Action item
Would you output the entries below only from the line containing "(\<forall>i\<le>d. \<exists>j\<le>d. mtrans" through the line containing "(\<forall>i\<le>d. \<forall>j\<le>d. mmult (A i) (A j) \<in>", exactly as they stand and with both ends included?

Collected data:
________________________
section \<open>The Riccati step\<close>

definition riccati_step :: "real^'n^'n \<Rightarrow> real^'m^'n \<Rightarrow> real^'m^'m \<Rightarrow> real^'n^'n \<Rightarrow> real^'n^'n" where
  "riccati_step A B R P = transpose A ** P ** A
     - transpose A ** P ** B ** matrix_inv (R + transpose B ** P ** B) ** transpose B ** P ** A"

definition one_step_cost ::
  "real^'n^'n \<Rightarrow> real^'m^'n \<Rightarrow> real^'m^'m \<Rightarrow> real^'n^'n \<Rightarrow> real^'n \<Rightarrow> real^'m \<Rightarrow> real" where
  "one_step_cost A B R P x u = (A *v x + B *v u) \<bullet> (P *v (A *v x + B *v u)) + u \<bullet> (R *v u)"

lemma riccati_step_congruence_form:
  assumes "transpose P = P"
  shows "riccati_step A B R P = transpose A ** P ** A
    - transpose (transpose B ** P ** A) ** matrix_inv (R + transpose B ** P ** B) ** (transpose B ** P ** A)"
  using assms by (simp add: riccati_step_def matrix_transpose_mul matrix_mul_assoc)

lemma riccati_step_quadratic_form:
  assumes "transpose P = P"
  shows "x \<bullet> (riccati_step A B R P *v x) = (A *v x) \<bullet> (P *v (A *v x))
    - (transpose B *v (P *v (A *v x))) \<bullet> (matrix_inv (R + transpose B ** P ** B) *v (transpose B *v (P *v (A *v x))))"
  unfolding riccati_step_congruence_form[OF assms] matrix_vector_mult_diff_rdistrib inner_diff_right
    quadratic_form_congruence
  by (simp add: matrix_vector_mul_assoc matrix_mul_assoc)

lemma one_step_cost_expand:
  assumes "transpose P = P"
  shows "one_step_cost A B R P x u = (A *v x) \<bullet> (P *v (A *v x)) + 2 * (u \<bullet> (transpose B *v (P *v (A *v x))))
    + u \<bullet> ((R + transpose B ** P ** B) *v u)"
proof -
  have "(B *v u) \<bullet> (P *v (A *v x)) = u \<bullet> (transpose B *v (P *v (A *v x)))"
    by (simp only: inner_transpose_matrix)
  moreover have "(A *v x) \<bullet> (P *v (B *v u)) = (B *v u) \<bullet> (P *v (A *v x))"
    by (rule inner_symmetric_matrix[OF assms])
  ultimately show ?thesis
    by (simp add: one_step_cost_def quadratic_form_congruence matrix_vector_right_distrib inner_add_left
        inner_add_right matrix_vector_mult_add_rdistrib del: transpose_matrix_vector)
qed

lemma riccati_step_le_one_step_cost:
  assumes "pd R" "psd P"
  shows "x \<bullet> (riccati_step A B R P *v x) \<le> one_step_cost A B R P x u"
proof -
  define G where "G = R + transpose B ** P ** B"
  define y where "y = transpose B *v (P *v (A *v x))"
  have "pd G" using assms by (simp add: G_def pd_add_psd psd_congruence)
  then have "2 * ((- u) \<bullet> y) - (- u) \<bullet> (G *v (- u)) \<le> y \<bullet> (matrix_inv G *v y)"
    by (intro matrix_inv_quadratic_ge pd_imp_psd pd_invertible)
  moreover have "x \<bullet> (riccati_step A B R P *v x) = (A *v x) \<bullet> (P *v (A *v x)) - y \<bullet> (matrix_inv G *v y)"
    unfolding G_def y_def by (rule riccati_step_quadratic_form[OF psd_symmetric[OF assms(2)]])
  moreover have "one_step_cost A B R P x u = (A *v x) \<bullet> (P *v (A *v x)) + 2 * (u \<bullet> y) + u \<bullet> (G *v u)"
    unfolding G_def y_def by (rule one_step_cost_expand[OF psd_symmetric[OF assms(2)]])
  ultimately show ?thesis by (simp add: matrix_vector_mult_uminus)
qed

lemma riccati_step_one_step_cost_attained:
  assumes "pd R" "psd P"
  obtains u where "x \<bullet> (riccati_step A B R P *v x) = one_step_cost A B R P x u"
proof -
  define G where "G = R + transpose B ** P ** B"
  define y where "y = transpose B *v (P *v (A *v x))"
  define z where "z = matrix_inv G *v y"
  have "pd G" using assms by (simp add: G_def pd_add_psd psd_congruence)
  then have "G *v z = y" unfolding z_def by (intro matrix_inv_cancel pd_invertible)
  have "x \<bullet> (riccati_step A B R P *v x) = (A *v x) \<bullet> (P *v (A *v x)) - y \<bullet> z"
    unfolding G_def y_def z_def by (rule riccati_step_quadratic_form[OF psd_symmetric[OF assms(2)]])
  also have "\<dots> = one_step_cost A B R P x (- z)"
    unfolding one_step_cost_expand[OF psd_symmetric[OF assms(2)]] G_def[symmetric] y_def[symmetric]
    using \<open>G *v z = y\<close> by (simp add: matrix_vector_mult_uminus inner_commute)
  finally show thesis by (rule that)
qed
________________________
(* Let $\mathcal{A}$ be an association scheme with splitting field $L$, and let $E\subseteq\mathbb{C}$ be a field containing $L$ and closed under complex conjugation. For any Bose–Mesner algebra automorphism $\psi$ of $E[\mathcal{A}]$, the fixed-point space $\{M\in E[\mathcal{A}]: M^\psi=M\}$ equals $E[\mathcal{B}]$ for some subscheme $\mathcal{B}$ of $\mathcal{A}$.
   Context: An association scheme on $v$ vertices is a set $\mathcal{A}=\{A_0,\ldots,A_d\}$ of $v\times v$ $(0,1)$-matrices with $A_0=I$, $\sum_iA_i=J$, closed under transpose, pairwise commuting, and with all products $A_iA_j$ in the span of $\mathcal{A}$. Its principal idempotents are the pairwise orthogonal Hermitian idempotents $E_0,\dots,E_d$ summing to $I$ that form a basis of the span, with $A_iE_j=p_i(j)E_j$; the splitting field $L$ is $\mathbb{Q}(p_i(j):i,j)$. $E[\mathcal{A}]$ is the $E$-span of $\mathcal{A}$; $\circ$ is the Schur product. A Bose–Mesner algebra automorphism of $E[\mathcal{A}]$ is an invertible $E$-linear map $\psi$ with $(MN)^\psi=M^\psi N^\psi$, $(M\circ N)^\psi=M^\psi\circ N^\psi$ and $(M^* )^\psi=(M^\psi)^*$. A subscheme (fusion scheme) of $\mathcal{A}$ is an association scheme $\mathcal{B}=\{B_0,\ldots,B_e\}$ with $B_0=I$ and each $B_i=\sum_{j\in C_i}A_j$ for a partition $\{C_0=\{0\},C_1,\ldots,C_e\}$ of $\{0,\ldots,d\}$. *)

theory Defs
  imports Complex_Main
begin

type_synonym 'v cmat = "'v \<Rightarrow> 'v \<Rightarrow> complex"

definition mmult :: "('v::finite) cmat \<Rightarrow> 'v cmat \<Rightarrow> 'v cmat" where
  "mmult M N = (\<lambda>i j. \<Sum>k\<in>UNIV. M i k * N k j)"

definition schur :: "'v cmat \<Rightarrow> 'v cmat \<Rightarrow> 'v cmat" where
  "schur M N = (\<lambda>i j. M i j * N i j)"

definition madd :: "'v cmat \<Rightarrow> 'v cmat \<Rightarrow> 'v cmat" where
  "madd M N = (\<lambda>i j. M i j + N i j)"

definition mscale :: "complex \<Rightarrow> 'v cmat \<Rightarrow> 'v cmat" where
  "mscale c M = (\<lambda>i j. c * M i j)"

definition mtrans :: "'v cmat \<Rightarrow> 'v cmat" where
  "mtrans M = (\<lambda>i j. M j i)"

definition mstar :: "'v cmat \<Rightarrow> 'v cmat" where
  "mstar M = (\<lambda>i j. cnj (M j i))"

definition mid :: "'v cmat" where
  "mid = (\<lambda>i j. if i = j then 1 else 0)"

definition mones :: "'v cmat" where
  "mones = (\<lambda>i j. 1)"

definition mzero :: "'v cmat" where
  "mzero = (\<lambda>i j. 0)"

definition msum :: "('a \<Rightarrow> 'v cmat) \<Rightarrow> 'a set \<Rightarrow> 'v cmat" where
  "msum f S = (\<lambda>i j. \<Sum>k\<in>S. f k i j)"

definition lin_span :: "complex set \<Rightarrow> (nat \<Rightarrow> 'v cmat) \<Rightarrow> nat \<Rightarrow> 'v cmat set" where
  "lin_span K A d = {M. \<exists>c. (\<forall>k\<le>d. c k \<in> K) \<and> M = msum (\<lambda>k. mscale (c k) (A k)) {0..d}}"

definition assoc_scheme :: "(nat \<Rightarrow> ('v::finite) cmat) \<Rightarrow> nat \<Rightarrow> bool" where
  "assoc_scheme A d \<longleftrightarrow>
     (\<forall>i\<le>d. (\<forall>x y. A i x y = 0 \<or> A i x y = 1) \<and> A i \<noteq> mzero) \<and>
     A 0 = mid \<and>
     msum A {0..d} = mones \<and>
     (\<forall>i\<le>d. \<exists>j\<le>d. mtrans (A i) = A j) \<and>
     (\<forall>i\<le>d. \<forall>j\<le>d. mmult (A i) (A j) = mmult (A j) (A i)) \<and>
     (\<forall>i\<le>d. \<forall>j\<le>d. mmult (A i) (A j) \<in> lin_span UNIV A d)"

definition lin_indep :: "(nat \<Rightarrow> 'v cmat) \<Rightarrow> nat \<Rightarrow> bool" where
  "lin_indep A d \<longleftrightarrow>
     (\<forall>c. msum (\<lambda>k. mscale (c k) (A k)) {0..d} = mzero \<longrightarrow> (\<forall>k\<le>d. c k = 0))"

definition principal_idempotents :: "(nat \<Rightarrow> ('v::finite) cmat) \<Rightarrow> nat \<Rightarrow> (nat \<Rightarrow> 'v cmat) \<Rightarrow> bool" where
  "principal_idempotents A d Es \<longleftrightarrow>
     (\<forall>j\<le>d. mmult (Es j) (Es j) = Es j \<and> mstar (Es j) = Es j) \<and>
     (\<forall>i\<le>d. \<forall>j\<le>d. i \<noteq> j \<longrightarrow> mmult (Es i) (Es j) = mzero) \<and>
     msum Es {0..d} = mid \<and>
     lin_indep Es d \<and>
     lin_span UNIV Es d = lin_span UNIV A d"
________________________
Response box
     (\<forall>i\<le>d. \<exists>j\<le>d. mtrans (A i) = A j) \<and>
     (\<forall>i\<le>d. \<forall>j\<le>d. mmult (A i) (A j) = mmult (A j) (A i)) \<and>
     (\<forall>i\<le>d. \<forall>j\<le>d. mmult (A i) (A j) \<in> lin_span UNIV A d)"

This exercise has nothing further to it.